EXERCISE GOAL: What is the number of lines in these records that hold the word "real"? Reply with that number alone.
________________________________________
lemma exists_minimal_terminal_set:
  assumes "finite V" "unique_min_terminal_cut V E c S0 T U"
  obtains S where "unique_min_terminal_cut V E c S T U"
    "\<And>S'. S' \<subset> S \<Longrightarrow> \<not> unique_min_terminal_cut V E c S' T U"
proof -
  obtain S where S: "unique_min_terminal_cut V E c S T U"
    and least: "\<And>S'. unique_min_terminal_cut V E c S' T U \<Longrightarrow> card S \<le> card S'"
    using ex_has_least_nat[of "\<lambda>S. unique_min_terminal_cut V E c S T U" S0 card] assms(2) by blast
  have "finite S"
    using S assms(1) finite_subset unfolding unique_min_terminal_cut_def terminal_cut_def by blast
  then have "\<not> unique_min_terminal_cut V E c S' T U" if "S' \<subset> S" for S'
    using least[of S'] psubset_card_mono[OF _ that] by fastforce
  with S show thesis
    by (rule that)
qed

lemma card_minimal_terminal_set_le:
  assumes "connected_graph V E" "\<forall>e\<in>E. c e > 0"
    and unique: "unique_min_terminal_cut V E c S T U"
    and minimal: "\<And>S'. S' \<subset> S \<Longrightarrow> \<not> unique_min_terminal_cut V E c S' T U"
    and "2 \<le> card S"
  shows "card S * min_cut_value V E c \<le> 2 * cut_cost E c U"
proof -
  have graph: "graph V E"
    using assms(1) unfolding connected_graph_def by simp
  have "finite S"
    using assms(5) card.infinite by fastforce
  have "\<exists>Y. S - {u} \<subseteq> Y \<and> Y \<subseteq> V - T \<and> u \<notin> Y \<and> cut_cost E c Y \<le> cut_cost E c U"
    if u: "u \<in> S" for u
  proof -
    have "card (S - {u}) \<noteq> 0"
      using assms(5) u \<open>finite S\<close> by simp
    then have "S - {u} \<noteq> {}"
      by (metis card.empty)
    moreover have "\<not> unique_min_terminal_cut V E c (S - {u}) T U"
      using u by (intro minimal) auto
    ultimately show ?thesis
      using cheap_cut_missing_terminal[OF unique _ u] by metis
  qed
  then obtain Y where Y: "\<And>u. u \<in> S \<Longrightarrow>
      S - {u} \<subseteq> Y u \<and> Y u \<subseteq> V - T \<and> u \<notin> Y u \<and> cut_cost E c (Y u) \<le> cut_cost E c U"
    by metis
  have "(\<Sum>u\<in>S. cut_cost E c (Y u)) \<le> card S * cut_cost E c U"
    using sum_mono[of S "\<lambda>u. cut_cost E c (Y u)" "\<lambda>u. cut_cost E c U"] Y by simp
  with level_set_cut_costs_ge[OF graph unique assms(5), of Y]
    sum_cut_cost_level_sets_le[OF graph _ \<open>finite S\<close>, of c Y] assms(2) Y
  show ?thesis
    by (simp add: less_imp_le left_diff_distrib)
qed

lemma le_floor_double_add_one:
  fixes \<alpha> :: real and k :: nat
  assumes "1 \<le> \<alpha>" "2 \<le> k \<Longrightarrow> k \<le> 2 * \<alpha>"
  shows "real k \<le> of_int \<lfloor>2 * \<alpha>\<rfloor> + 1"
proof (cases "2 \<le> k")
  case True
  then have "int k \<le> \<lfloor>2 * \<alpha>\<rfloor>"
    using assms(2) by (simp add: le_floor_iff)
  then show ?thesis
    by linarith
next
  case False
  moreover have "2 \<le> \<lfloor>2 * \<alpha>\<rfloor>"
    using assms(1) by (simp add: le_floor_iff)
  ultimately show ?thesis
    by linarith
qed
________________________________________
YOUR SOLUTION: 2